Les groupes à risque d’isolement sont formés des personnes à bas revenu, des personnes vivant seules ou avec un enfant à charge, des personnes en mauvaise santé, des personnes atteintes d’un déficit de formation qui sont ainsi exclues du marché du travail et des personnes qui sont de nationalité étrangère. Les personnes travaillant dans les Ateliers font partie du groupe à risque et ces derniers sont cumulés, d’une part à cause de troubles psychiques et, d’autre part, en raison de leurs bas revenus et de leur handicap. Les causes de l’isolement sont d’une part individuelles, comme expliqué précédemment, mais également collectives. La société moderne a beaucoup changé et énormément évolué : la société de type familial où le groupe passe avant l’individu a été supplantée par une société plus individualiste.
Le sociologue Tönnies soulignait, il y a déjà un siècle, « le passage de la Gemeinschaft, société de statut, où chacun avait sa place définie et où la solidarité était de type familial, à la Gesellschaft, société de contrat, axée sur les échanges, les réseaux, les liens que chacun doit construire et qui, de ce fait, requièrent une capacité à les créer et à les maintenir ». Ces relations s’avèrent d’autant plus difficiles à créer, lorsque la personne souffre de troubles psychiques. Iphigénie, infirmière en psychiatrie, relève ce problème en disant que les TR ne « choisissent pas [l’isolement] du fait de leurs problématiques. C’est difficile de créer du lien et de le maintenir en raison de l’impulsivité, de gestion des émotions et d’un rapport à l’autorité délicat. Ils se renferment de plus en plus. »
Pour Kaufmann, l’isolement contemporain est en rapport étroit avec le mouvement historique d’individualisation de la société qui repose sur l’autonomie croissante des personnes. Etant donné que la population des ASTH présente déjà des difficultés à être autonome, le risque d’isolement est accru.
Les entretiens
En troisième année, j’ai étudié les entretiens professionnels en tant qu’outil, avec une définition bien précise : l’entretien se déroule entre deux personnes ; il a un but clairement défini. J’utilise l’entretien de manière quotidienne, pour vérifier comment se sentent mes travailleurs, pour mettre en place des projets d’action personnalisés (PAP) qui durent en général une année.
Lors de ces entretiens, il m’arrive de devoir clarifier certaines situations, gérer ou prévenir des conflits. Mon rôle est éducatif, professionnel et social, durant ces entretiens : le MSP peut savoir ce que la personne vit, si elle est isolée socialement et comment elle vit cet isolement ; il peut être proposé des solutions pour vaincre l’isolement. L’importance de la régularité est relevée par Iphigénie. Cunégonde convoque les personnes isolées toutes les deux à trois semaines ; des techniques comme la reformulation et le résumé sont relevés par la psychologue.
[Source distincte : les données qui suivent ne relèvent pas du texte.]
primrec word_op :: "'v word \<Rightarrow> 'x vec \<Rightarrow> 'x vec" where
  "word_op [] f = f"
| "word_op (l # w) f = U (fst l) (snd l) (word_op w f)"

lemma lin_word_op: "word_over I m w \<Longrightarrow> lin (word_op w)"
proof (induction w)
  case Nil
  then show ?case by (simp add: lin_id)
next
  case (Cons l w)
  then show ?case
    by (cases l) (simp add: lin_comp[OF lin_U])
qed

lemma word_op_append: "word_op (xs @ ys) f = word_op xs (word_op ys f)"
  by (induction xs) simp_all

lemma word_op_ins_letter:
  assumes "v \<in> I"
  shows "word_op (ins_letter m (v, k) w) f = U v k (word_op w f)"
proof (cases w)
  case Nil
  then show ?thesis
    using assms by (simp add: U_mod U_mod_eq_0)
next
  case (Cons l w')
  obtain u j where l: "l = (u, j)" by (cases l)
  have "U v k (U v j g) = U v ((k + j) mod m) g" for g
    using assms by (simp add: U_U U_mod)
  moreover have "U v k g = (if k mod m = 0 then g else U v (k mod m) g)" for g
    using assms by (simp add: U_mod U_mod_eq_0)
  ultimately show ?thesis
    using Cons l by (auto simp: U_mod_eq_0[OF assms])
qed

lemma word_op_mult: "word_over I m x \<Longrightarrow> word_op (word_mult m x y) f = word_op x (word_op y f)"
proof (induction x arbitrary: f)
  case Nil
  then show ?case by (simp add: word_mult_def)
next
  case (Cons l x)
  then show ?case
    by (cases l) (simp add: word_mult_def word_op_ins_letter)
qed

lemma word_op_inv_ins_letter:
  assumes "v \<in> I" and "0 < k" and "k < m" and "word_over I m w"
  shows "word_op (word_inv m (ins_letter m (v, k) w)) f = word_op (word_inv m w) (U v (m - k) f)"
proof (cases w)
  case Nil
  then show ?thesis
    using assms by (simp add: word_inv_def)
next
  case (Cons l w')
  obtain u j where l: "l = (u, j)" by (cases l)
  have j: "0 < j" "j < m" "u \<in> I"
    using assms(4) Cons l by auto
  show ?thesis
  proof (cases "u = v")
    case True
    then show ?thesis
      using Cons l U_m_minus_U_m_minus[OF assms(1) j(1,2) assms(2,3), of f]
      by (auto simp: word_inv_Cons word_op_append)
  next
    case False
    then show ?thesis
      using Cons l assms(2,3) by (simp add: word_inv_Cons word_op_append)
  qed
qed

lemma word_op_inv_mult:
  assumes "word_over I m x" and "word_over I m y"
  shows "word_op (word_inv m (word_mult m x y)) f = word_op (word_inv m y) (word_op (word_inv m x) f)"
  using assms(1)
proof (induction x arbitrary: f)
  case Nil
  then show ?case by (simp add: word_mult_def)
next
  case (Cons l x)
  obtain v k where l: "l = (v, k)" by (cases l)
  have "word_mult m (l # x) y = ins_letter m (v, k) (word_mult m x y)"
    by (simp add: word_mult_def l)
  then have "word_op (word_inv m (word_mult m (l # x) y)) f =
      word_op (word_inv m (word_mult m x y)) (U v (m - k) f)"
    using Cons.prems l assms(2) m_pos by (simp add: word_op_inv_ins_letter word_over_mult)
  then show ?case
    using Cons l by (simp add: word_inv_Cons word_op_append)
qed

definition rep :: "('v word \<Rightarrow> complex) \<Rightarrow> 'x vec \<Rightarrow> 'x vec" where
  "rep f g = (\<lambda>u. \<Sum>w\<in>supp f. f w * word_op w g u)"

definition rep_star :: "('v word \<Rightarrow> complex) \<Rightarrow> 'x vec \<Rightarrow> 'x vec" where
  "rep_star f g = (\<lambda>u. \<Sum>w\<in>supp f. cnj (f w) * word_op (word_inv m w) g u)"

lemma rep_eq_sum: "finite W \<Longrightarrow> supp f \<subseteq> W \<Longrightarrow> rep f g u = (\<Sum>w\<in>W. f w * word_op w g u)"
  unfolding rep_def by (intro sum.mono_neutral_left) (auto simp: supp_def)

lemma rep_star_eq_sum:
  "finite W \<Longrightarrow> supp f \<subseteq> W \<Longrightarrow> rep_star f g u = (\<Sum>w\<in>W. cnj (f w) * word_op (word_inv m w) g u)"
  unfolding rep_star_def by (intro sum.mono_neutral_left) (auto simp: supp_def)

lemma rep_gmult:
  assumes f: "fin_over I m f" and h: "fin_over I m h"
  shows "rep (gmult m f h) g = rep f (rep h g)"
proof
  fix u
  have fin: "finite (supp f)" "finite (supp h)"
    using f h by (simp_all add: fin_over_def)
  have "rep (gmult m f h) g u =
      (\<Sum>w\<in>(\<lambda>(x, y). word_mult m x y) ` (supp f \<times> supp h). gmult m f h w * word_op w g u)"
    using fin by (intro rep_eq_sum supp_gmult) simp
  also have "\<dots> = (\<Sum>(x, y)\<in>supp f \<times> supp h. f x * h y * word_op (word_mult m x y) g u)"
    using fin by (rule sum_gmult)
  also have "\<dots> = (\<Sum>x\<in>supp f. \<Sum>y\<in>supp h. f x * h y * word_op x (word_op y g) u)"
    using f by (auto simp: sum.cartesian_product fin_over_def word_op_mult intro!: sum.cong)
  also have "\<dots> = rep f (rep h g) u"
    using f fin unfolding rep_def
    by (auto simp: fin_over_def lin_sum[OF lin_word_op] lin_scale[OF lin_word_op]
        sum_distrib_left mult.assoc intro!: sum.cong)
  finally show "rep (gmult m f h) g u = rep f (rep h g) u" .
qed

lemma rep_star_gmult:
  assumes f: "fin_over I m f" and h: "fin_over I m h"
  shows "rep_star (gmult m f h) g = rep_star h (rep_star f g)"
proof
  fix u
  have fin: "finite (supp f)" "finite (supp h)"
    using f h by (simp_all add: fin_over_def)
  have "rep_star (gmult m f h) g u = (\<Sum>w\<in>(\<lambda>(x, y). word_mult m x y) ` (supp f \<times> supp h).
      gmult m (\<lambda>w. cnj (f w)) (\<lambda>w. cnj (h w)) w * word_op (word_inv m w) g u)"
    using fin by (simp add: rep_star_eq_sum supp_gmult cnj_gmult[symmetric])
  also have "\<dots> = (\<Sum>(x, y)\<in>supp f \<times> supp h.
      cnj (f x) * cnj (h y) * word_op (word_inv m (word_mult m x y)) g u)"
    using sum_gmult[of "\<lambda>w. cnj (f w)" "\<lambda>w. cnj (h w)"] fin by (simp add: supp_cnj)
  also have "\<dots> = (\<Sum>x\<in>supp f. \<Sum>y\<in>supp h.
      cnj (h y) * cnj (f x) * word_op (word_inv m y) (word_op (word_inv m x) g) u)"
    using f h by (auto simp: sum.cartesian_product fin_over_def word_op_inv_mult
        mult.commute intro!: sum.cong)
  also have "\<dots> = (\<Sum>y\<in>supp h. \<Sum>x\<in>supp f.
      cnj (h y) * cnj (f x) * word_op (word_inv m y) (word_op (word_inv m x) g) u)"
    by (rule sum.swap)
  also have "\<dots> = rep_star h (rep_star f g) u"
    using h fin unfolding rep_star_def
    by (auto simp: fin_over_def word_over_inv lin_sum[OF lin_word_op] lin_scale[OF lin_word_op]
        sum_distrib_left mult.assoc intro!: sum.cong)
  finally show "rep_star (gmult m f h) g u = rep_star h (rep_star f g) u" .
qed

lemma rep_gstar:
  assumes "fin_over I m f"
  shows "rep (gstar m f) g = rep_star f g"
proof
  fix u
  have "rep (gstar m f) g u = (\<Sum>x\<in>supp f. gstar m f (word_inv m x) * word_op (word_inv m x) g u)"
    unfolding rep_def supp_gstar[OF assms] by (rule sum.reindex[OF inj_on_word_inv[OF assms], unfolded comp_def])
  also have "\<dots> = rep_star f g u"
    using assms unfolding rep_star_def
    by (intro sum.cong) (auto simp: fin_over_def gstar_def word_inv_inv)
  finally show "rep (gstar m f) g u = rep_star f g u" .
qed

lemma rep_star_gstar:
  assumes "fin_over I m f"
  shows "rep_star (gstar m f) g = rep f g"
proof
  fix u
  have "rep_star (gstar m f) g u =
      (\<Sum>x\<in>supp f. cnj (gstar m f (word_inv m x)) * word_op (word_inv m (word_inv m x)) g u)"
    unfolding rep_star_def supp_gstar[OF assms]
    by (rule sum.reindex[OF inj_on_word_inv[OF assms], unfolded comp_def])
  also have "\<dots> = rep f g u"
    using assms unfolding rep_def
    by (intro sum.cong) (auto simp: fin_over_def gstar_def word_inv_inv)
  finally show "rep_star (gstar m f) g u = rep f g u" .
qed

lemma rep_gadd:
  assumes "fin_over I m f" and "fin_over I m h"
  shows "rep (gadd f h) g u = rep f g u + rep h g u"
proof -
  have fin: "finite (supp f \<union> supp h)" and sub: "supp (gadd f h) \<subseteq> supp f \<union> supp h"
    using assms by (auto simp: fin_over_def supp_def gadd_def)
  show ?thesis
    using rep_eq_sum[OF fin sub] rep_eq_sum[OF fin, of f] rep_eq_sum[OF fin, of h]
    by (simp add: gadd_def distrib_right sum.distrib)
qed

lemma rep_star_gadd:
  assumes "fin_over I m f" and "fin_over I m h"
  shows "rep_star (gadd f h) g u = rep_star f g u + rep_star h g u"
proof -
  have fin: "finite (supp f \<union> supp h)" and sub: "supp (gadd f h) \<subseteq> supp f \<union> supp h"
    using assms by (auto simp: fin_over_def supp_def gadd_def)
  show ?thesis
    using rep_star_eq_sum[OF fin sub] rep_star_eq_sum[OF fin, of f] rep_star_eq_sum[OF fin, of h]
    by (simp add: gadd_def distrib_right sum.distrib)
qed

lemma rep_zero_vec: "fin_over I m f \<Longrightarrow> rep f (\<lambda>u. 0) = (\<lambda>u. 0)"
  unfolding rep_def by (auto simp: fin_over_def lin_zero[OF lin_word_op] intro!: sum.neutral)

lemma rep_star_zero_vec: "fin_over I m f \<Longrightarrow> rep_star f (\<lambda>u. 0) = (\<lambda>u. 0)"
  unfolding rep_star_def
  by (auto simp: fin_over_def word_over_inv lin_zero[OF lin_word_op] intro!: sum.neutral)

lemma rep_gone: "rep gone g = g"
  by (simp add: rep_def gone_def gelem_def supp_def)

lemma rep_star_gone: "rep_star gone g = g"
  by (simp add: rep_star_def gone_def gelem_def supp_def)

definition rep_null :: "('v word \<Rightarrow> complex) \<Rightarrow> bool" where
  "rep_null x \<longleftrightarrow> fin_over I m x \<and> (\<forall>g. rep x g = (\<lambda>u. 0) \<and> rep_star x g = (\<lambda>u. 0))"

lemma rep_null_star_ideal:
  assumes "\<And>s. s \<in> S \<Longrightarrow> rep_null s" and "x \<in> star_ideal I m S"
  shows "rep_null x"
  using assms(2)
proof (induction rule: star_ideal.induct)
  case (gen s)
  then show ?case by (rule assms(1))
next
  case zero
  then show ?case
    by (simp add: rep_null_def fin_over_zero rep_def rep_star_def supp_def)
next
  case (add x y)
  then show ?case
    by (simp add: rep_null_def fin_over_gadd rep_gadd rep_star_gadd fun_eq_iff)
next
  case (lmult a x)
  then have "fin_over I m a"
    by (simp add: galg_fin_over)
  with lmult.IH show ?case
    by (simp add: rep_null_def fin_over_gmult m_pos rep_gmult rep_star_gmult
        rep_zero_vec rep_star_zero_vec)
next
  case (rmult a x)
  then have "fin_over I m a"
    by (simp add: galg_fin_over)
  with rmult.IH show ?case
    by (simp add: rep_null_def fin_over_gmult m_pos rep_gmult rep_star_gmult
        rep_zero_vec rep_star_zero_vec)
next
  case (star x)
  then show ?case
    by (simp add: rep_null_def fin_over_gstar rep_gstar rep_star_gstar)
qed

lemma gone_notin_star_ideal:
  assumes "\<And>s. s \<in> S \<Longrightarrow> rep_null s"
  shows "gone \<notin> star_ideal I m S"
proof
  assume "gone \<in> star_ideal I m S"
  then have "rep gone (\<lambda>u. 1) = (\<lambda>u. 0)"
    using rep_null_star_ideal[OF assms] by (simp add: rep_null_def)
  then show False
    by (simp add: rep_gone fun_eq_iff)
qed

lemma fin_over_letter: "v \<in> I \<Longrightarrow> 1 < m \<Longrightarrow> fin_over I m (gscale c (gelem [(v, 1)]))"
  by (auto simp: fin_over_def supp_def gscale_def gelem_def)

lemma fin_over_gone: "fin_over I m gone"
  by (auto simp: fin_over_def supp_def gone_def gelem_def)

lemma rep_gpow_letter:
  assumes "v \<in> I" and "1 < m"
  shows "fin_over I m (gpow m (gscale c (gelem [(v, 1)])) k) \<and>
    rep (gpow m (gscale c (gelem [(v, 1)])) k) g = (\<lambda>u. c ^ k * U v k g u) \<and>
    rep_star (gpow m (gscale c (gelem [(v, 1)])) k) g = (\<lambda>u. cnj c ^ k * U v ((m - 1) * k) g u)"
proof (induction k arbitrary: g)
  case 0
  show ?case
    using assms(1) by (simp add: fin_over_gone rep_gone rep_star_gone U_0)
next
  case (Suc k)
  let ?e = "gscale c (gelem [(v, 1)])"
  have e: "fin_over I m ?e"
    by (rule fin_over_letter[OF assms])
  have "rep ?e g = (\<lambda>u. c * U v 1 g u)" and "rep_star ?e g = (\<lambda>u. cnj c * U v (m - 1) g u)" for g
    by (cases "c = 0"; auto simp: rep_def rep_star_def supp_def gscale_def gelem_def word_inv_def)+
  then show ?case
    using Suc.IH e m_pos
    by (simp add: fin_over_gmult rep_gmult rep_star_gmult lin_scale[OF lin_U[OF assms(1)]]
        U_U[OF assms(1)] algebra_simps)
qed

lemma fin_over_lincomb:
  assumes "finite K" and "\<And>k. k \<in> K \<Longrightarrow> fin_over I m (G k)"
  shows "fin_over I m (\<lambda>w. r * (\<Sum>k\<in>K. G k w))"
proof -
  have "supp (\<lambda>w. r * (\<Sum>k\<in>K. G k w)) \<subseteq> (\<Union>k\<in>K. supp (G k))"
    by (auto simp: supp_def intro: ccontr)
  then show ?thesis
    using assms by (auto simp: fin_over_def intro: finite_subset)
qed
Matthieu remarque « qu’il n’est pas facile pour nos travailleurs de venir vers nous », mais que de « forcer » les personnes à venir s’entretenir avec nous a un impact sur les compétences sociales, ils n’ont pas le choix que d’exprimer ce qu’ils vivent ».
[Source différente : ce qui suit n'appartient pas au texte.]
(* Let $p\geq1$ and let $l,y,l',y'\in D(\mathbb{R}^+,\mathbb{R}^d)$ be such that $l_0\leq y_0$ and $l'_0\leq y'_0$. Let $(x,k)=SP_l(y)$ and $(x',k')=SP_{l'}(y')$. Then for any $T\in\mathbb{R}^+$, \[ V_p(x-x')_T\leq (d+1)V_p(y-y')_T+d|y_0-y'_0|+dV_p(l-l')_T+d|l_0-l'_0| \] and \[ V_p(k-k')_T\leq dV_p(y-y')_T+d|y_0-y'_0|+dV_p(l-l')_T+d|l_0-l'_0|. \]
   Context: $\mathbb{R}^+=[0,\infty)$; $D(\mathbb{R}^+,\mathbb{R}^d)$ is the space of càdlàg functions $\mathbb{R}^+\to\mathbb{R}^d$. For such $x$, $v_p(x)_{[a,b]}=\sup\sum_{i=1}^n|x_{t_i}-x_{t_{i-1}}|^p$ over subdivisions $a=t_0<\dots<t_n=b$ ($|\cdot|$ Euclidean norm), $V_p(x)_{[a,b]}=(v_p(x)_{[a,b]})^{1/p}$ and $V_p(x)_T=V_p(x)_{[0,T]}$. For vectors, $u\leq v$ means $u^i\leq v^i$ for all components; for functions, $x\leq x'$ means $x_t\leq x'_t$ for all $t$. Skorokhod problem: given $y,l\in D(\mathbb{R}^+,\mathbb{R}^d)$ with $l_0\leq y_0$, a pair $(x,k)$ of elements of $D(\mathbb{R}^+,\mathbb{R}^d)$ is a solution of the Skorokhod problem associated with $y$ and lower barrier $l$, written $(x,k)=SP_l(y)$, if (i) $x_t=y_t+k_t\geq l_t$ for all $t\in\mathbb{R}^+$; (ii) $k_0=0$, each component $k^i$ is nondecreasing and $\int_0^t(x^i_s-l^i_s)\,dk^i_s=0$ for all $t$ and $i=1,\dots,d$. *)

theory Defs
  imports "HOL-Analysis.Analysis" "HOL-Probability.Probability"
begin

text \<open>Functions on R+ with values in R^d are modelled as real => real^'n, d = CARD('n);
only their values on [0,inf) matter.  The norm on real^'n is the Euclidean norm.\<close>

definition cadlag :: "(real \<Rightarrow> real^'n) \<Rightarrow> bool" where
  "cadlag f \<longleftrightarrow>
     (\<forall>t\<ge>0. (f \<longlongrightarrow> f t) (at_right t)) \<and>
     (\<forall>t>0. \<exists>L. (f \<longlongrightarrow> L) (at_left t))"

definition pvar :: "real \<Rightarrow> (real \<Rightarrow> real^'n) \<Rightarrow> real \<Rightarrow> real \<Rightarrow> ereal" where
  "pvar p x a b = Sup { ereal (\<Sum>i<n. norm (x (t (Suc i)) - x (t i)) powr p) | n t.
      t 0 = a \<and> t n = b \<and> (\<forall>i<n. t i < t (Suc i)) }"

definition Vp :: "real \<Rightarrow> (real \<Rightarrow> real^'n) \<Rightarrow> real \<Rightarrow> real \<Rightarrow> ereal" where
  "Vp p x a b = (if pvar p x a b = \<infinity> then \<infinity> else ereal (real_of_ereal (pvar p x a b) powr (1/p)))"

text \<open>The integral
  int_0^t (x^i - l^i) dk^i is the Lebesgue-Stieltjes integral over (0,t] w.r.t. the
  nondecreasing right-continuous function k^i (no atom at 0 since k_0 = 0); the integrand
  is nonnegative, so it is taken as a nonnegative integral.\<close>
definition SP :: "(real \<Rightarrow> real^'n) \<Rightarrow> (real \<Rightarrow> real^'n) \<Rightarrow> (real \<Rightarrow> real^'n) \<Rightarrow> (real \<Rightarrow> real^'n) \<Rightarrow> bool" where
  "SP l y x k \<longleftrightarrow>
     cadlag x \<and> cadlag k \<and>
     (\<forall>t\<ge>0. x t = y t + k t \<and> (\<forall>i. l t $ i \<le> x t $ i)) \<and>
     k 0 = 0 \<and>
     (\<forall>i. mono_on {0..} (\<lambda>t. k t $ i)) \<and>
     (\<forall>i. \<forall>t\<ge>0. (\<integral>\<^sup>+ s. ennreal (x s $ i - l s $ i) * indicator {0<..t} s
          \<partial>(interval_measure (\<lambda>s. k (max s 0) $ i))) = 0)"

end

theory Submission
  imports Defs
begin

text \<open>Fix a coordinate \<open>i\<close> and put \<open>f = k\<^sup>i - k'\<^sup>i\<close> and \<open>W = (l\<^sup>i - y\<^sup>i) - (l'\<^sup>i - y'\<^sup>i)\<close>.
  Since \<open>k\<^sup>i\<close> only increases while \<open>x\<^sup>i\<close> sits on the barrier, i.e. while \<open>k\<^sup>i = l\<^sup>i - y\<^sup>i\<close>,
  and always \<open>k'\<^sup>i \<ge> l'\<^sup>i - y'\<^sup>i\<close>, every rise of \<open>f\<close> over a time interval ends (up to any
  \<open>\<epsilon>\<close>) below a value of \<open>W\<close> taken in that interval, and symmetrically for falls.  For
  \<open>p \<ge> 1\<close>, superadditivity of \<open>x\<^sup>p\<close> then lets one merge consecutive moves of \<open>f\<close> in the same
  direction, so that the p-variation sum of \<open>f\<close> along a subdivision is dominated by that of \<open>W\<close>
  along an increasing sequence of times, plus the initial gap \<open>\<bar>W 0\<bar>\<close>.  Hence
  \<open>V\<^sub>p(f) \<le> V\<^sub>p(y - y') + V\<^sub>p(l - l') + |y\<^sub>0 - y'\<^sub>0| + |l\<^sub>0 - l'\<^sub>0|\<close>; Minkowski's inequality over
  the \<open>d\<close> coordinates gives the bound for \<open>k - k'\<close>, and \<open>x - x' = (y - y') + (k - k')\<close> the bound
  for \<open>x - x'\<close>.\<close>

section \<open>Power sums and Minkowski's inequality\<close>

lemma convex_on_powr_nonneg:
  fixes p :: real
  assumes "1 \<le> p"
  shows "convex_on {0..} (\<lambda>x. x powr p)"
proof (rule convex_on_linorderI)
  fix t x y :: real
  assume t: "0 < t" "t < 1" and xy: "x \<in> {0..}" "y \<in> {0..}" "x < y"
  show "((1 - t) *\<^sub>R x + t *\<^sub>R y) powr p \<le> (1 - t) * x powr p + t * y powr p"
  proof (cases "x = 0")
    case True
    have "(t * y) powr p = t powr p * y powr p"
      using t xy by (simp add: powr_mult)
    also have "\<dots> \<le> t * y powr p"
      using powr_mono'[of 1 p t] t assms by (intro mult_right_mono) auto
    finally show ?thesis using True by simp
  next
    case False
    then show ?thesis
      using convex_onD[OF powr_convex[OF assms], of t x y] t xy by simp
  qed
qed simp

lemma add_powr_le_powr_add:
  fixes a b p :: real
  assumes "0 \<le> a" "0 \<le> b" "1 \<le> p"
  shows "a powr p + b powr p \<le> (a + b) powr p"
proof (cases "a + b = 0")
  case False
  then have ab: "0 < a + b" using assms by simp
  have le: "x powr p \<le> (a + b) powr p * (x / (a + b))" if "0 \<le> x" "x \<le> a + b" for x
  proof -
    have "x powr p = (a + b) powr p * (x / (a + b)) powr p"
      using ab that by (simp add: powr_divide)
    also have "\<dots> \<le> (a + b) powr p * (x / (a + b))"
      using ab that assms powr_mono'[of 1 p "x / (a + b)"] by (intro mult_left_mono) auto
    finally show ?thesis .
  qed
  have "(a + b) powr p * (a / (a + b)) + (a + b) powr p * (b / (a + b)) = (a + b) powr p"
    using ab by (simp add: add_divide_distrib[symmetric] flip: distrib_left)
  then show ?thesis using le[of a] le[of b] assms by linarith
qed (use assms in \<open>simp add: add_nonneg_eq_0_iff\<close>)

definition psum :: "real \<Rightarrow> (nat \<Rightarrow> real) \<Rightarrow> nat \<Rightarrow> real" where
  "psum p a N = (\<Sum>s<N. a s powr p)"

definition lpnorm :: "real \<Rightarrow> (nat \<Rightarrow> real) \<Rightarrow> nat \<Rightarrow> real" where
  "lpnorm p a N = psum p a N powr (1 / p)"

lemma psum_nonneg: "0 \<le> psum p a N"
  by (simp add: psum_def sum_nonneg)

lemma lpnorm_nonneg: "0 \<le> lpnorm p a N"
  by (simp add: lpnorm_def)

lemma lpnorm_powr: "0 < p \<Longrightarrow> lpnorm p a N powr p = psum p a N"
  by (simp add: lpnorm_def powr_powr psum_nonneg)

lemma lpnorm_le_iff:
  assumes "0 < p" "0 \<le> B"
  shows "lpnorm p a N \<le> B \<longleftrightarrow> psum p a N \<le> B powr p"
proof
  assume "lpnorm p a N \<le> B"
  then have "lpnorm p a N powr p \<le> B powr p"
    using assms by (intro powr_mono2) (auto simp: lpnorm_nonneg)
  then show "psum p a N \<le> B powr p" using assms by (simp add: lpnorm_powr)
next
  assume "psum p a N \<le> B powr p"
  then have "lpnorm p a N \<le> (B powr p) powr (1 / p)"
    unfolding lpnorm_def using assms by (intro powr_mono2) (auto simp: psum_nonneg)
  then show "lpnorm p a N \<le> B" using assms by (simp add: powr_powr)
qed

lemma lpnorm_mono:
  assumes "0 < p" "\<And>s. s < N \<Longrightarrow> 0 \<le> a s \<and> a s \<le> b s"
  shows "lpnorm p a N \<le> lpnorm p b N"
  unfolding lpnorm_def psum_def using assms
  by (intro powr_mono2 sum_mono) (auto simp: sum_nonneg intro!: powr_mono2)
Il affirme aussi que « pour ceux qui ont des problèmes d’anxiété, c’est un réel effort. Tu sens quand ils viennent dans le bureau, au moment de s’asseoir, tu sens que c’est pesant. » Anne-Sophie dit que lors des entretiens, il est important de rester attentif au non-verbal qui est « parfois plus important que ce qui est dit ». « Une personne qui prend la responsabilité de ce qu’il dit est congruent (Carl Rogers), le non-verbal et le verbal est en harmonie. Le non-verbal est émis de façon inconsciente. Il reflète l’état d’esprit dans lequel nous nous trouvons. Contrairement au verbal, il ne peut être que partiellement contrôlé ou maquillé. L’importance du non-verbal nous permet de préciser la définition de relation et de communication.16 » Lors des entretiens, cette attention au non-verbal permet de connaître l’état d’âme de notre interlocuteur, ce qui permet au MSP d’aller plus loin, de vérifier et de reformuler ce qui est dit.
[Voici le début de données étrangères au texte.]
theorem lemma3p4:
  fixes d :: nat and E :: "nat set" and x :: real
  assumes "d \<ge> 2"
    and "E \<subseteq> {0..<d}"
    and "1 < card E" and "card E < d"
    and "\<rat> \<inter> shift_set (digit_set d E) x \<noteq> {}"
  shows "shift_set (digit_set d E) x \<subseteq> closure (\<rat> \<inter> shift_set (digit_set d E) x)
    \<and> (\<exists>K::real. K > 0 \<and> (\<forall>y \<in> shift_set (digit_set d E) x.
          intrinsically_approximable (shift_set (digit_set d E) x) (\<lambda>q. K) y))"
proof -
  define S where "S = shift_set (digit_set d E) x"
  obtain z where z: "z \<in> \<rat>" "z \<in> S" using assms(5) unfolding S_def by blast
  obtain a where a: "\<forall>i. a i \<in> E" and z_eq: "z = digit_value d a - x"
    using z(2) unfolding S_def shift_set_def digit_set_eq by blast
  obtain u v' where v': "v' > 0" and z_frac: "z = real_of_int u / real_of_int v'"
    using z(1) Rats_cases' by metis
  define v where "v = nat v'"
  have v: "v > 0" and base: "digit_value d a - x = real_of_int u / real v"
    using v' z_frac z_eq by (simp_all add: v_def)
  have "finite E" using assms(2) finite_subset by blast
  then obtain e1 e2 where e12: "e1 \<in> E" "e2 \<in> E" "e1 \<noteq> e2"
    using assms(3) card_le_Suc0_iff_eq by (metis One_nat_def not_le)
  define K where "K = 2 * real d * real v"
  have limpt: "y islimpt (\<lambda>(p, q). real_of_int p / real q) `
      {(p::int, q::nat). q \<ge> 1 \<and> coprime p (int q) \<and> real_of_int p / real q \<in> S \<and>
         \<bar>y - real_of_int p / real q\<bar> \<le> K / real q}" if "y \<in> S" for y
    using islimpt_rational_approximants[OF assms(1,2) e12 a v base] that
    unfolding S_def K_def by blast
  have "y \<in> closure (\<rat> \<inter> S)" if "y \<in> S" for y
  proof -
    have "y islimpt \<rat> \<inter> S" by (rule islimpt_subset[OF limpt[OF that]]) auto
    then show ?thesis unfolding closure_def by blast
  qed
  moreover have "intrinsically_approximable S (\<lambda>q. K) y" if "y \<in> S" for y
    using intrinsically_approximable_if_islimpt[OF that limpt[OF that]] .
  moreover have "K > 0" unfolding K_def using v assms(1) by simp
  ultimately show ?thesis unfolding S_def by blast
qed

end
Afin de déterminer si l’isolement social constitue un problème inquiétant pour les personnes interrogées, j’ai directement voulu savoir si la demande systématique de l’étendue du réseau social est réalisée en entretien. Pour Michel, le privé et le professionnel doivent être séparés. Il ne pose pas la question de manière directe. Matthieu l’a effectué avec les derniers arrivés. « Sinon le truc, c’est fait au fur et à mesure, à la base, je le faisais pas systématiquement mais maintenant oui. » Pour Anne-Sophie, poser la question de manière directe « permet de comprendre la personne de manière globale , l’aspect est soulevé, l’attention est posée » ; l’isolement cache parfois une dépression. Iphigénie le demande clairement, puisqu’elle organise dans les trois mois un réseau avec l’entourage qu’elle appelle « personnes ressources ». Prudence dit : « Oui, le réseau social est tenu en compte systématiquement dans l’anamnèse et il faut également prendre en considération le degré de souffrance de la personne isolée et il est important de l’interpeler si le MSP met à jour un isolement prononcé ».
L’entretien en tant qu’outil de base est donc en première ligne pour soulever la problématique, faire un état des lieux avec le TR afin de connaître l’étendue de son réseau social. La pratique aux ASTH consiste à réunir les informations recueillies dans un journal de bord et dans un dossier. Ces informations sont accessibles par l’équipe des MSP et par la direction dont fait partie la PSY.
Les compétences sociales
Dans un deuxième temps et au fur et à mesure de la réflexion et des entretiens exploratoires, je me suis aperçu que la présence en atelier et la fréquentation d’autres travailleurs dans le cadre sécurisé de l’institution pouvaient à elles seules suffire à améliorer les compétences sociales de la personne accueillie. La direction de cette réflexion est ainsi formulée : « La présence en atelier améliore les compétences sociales de la personne accueillie. » « L’OMS introduit les compétences psychosociales comme la capacité d’une personne à répondre avec efficacité aux exigences et aux épreuves de la vie quotidienne. C’est l’aptitude d’une personne à maintenir l’état de son bien-être mental en adoptant un comportement approprié et positif à l’occasion des relations entretenues avec les autres, sa propre culture et l’environnement « .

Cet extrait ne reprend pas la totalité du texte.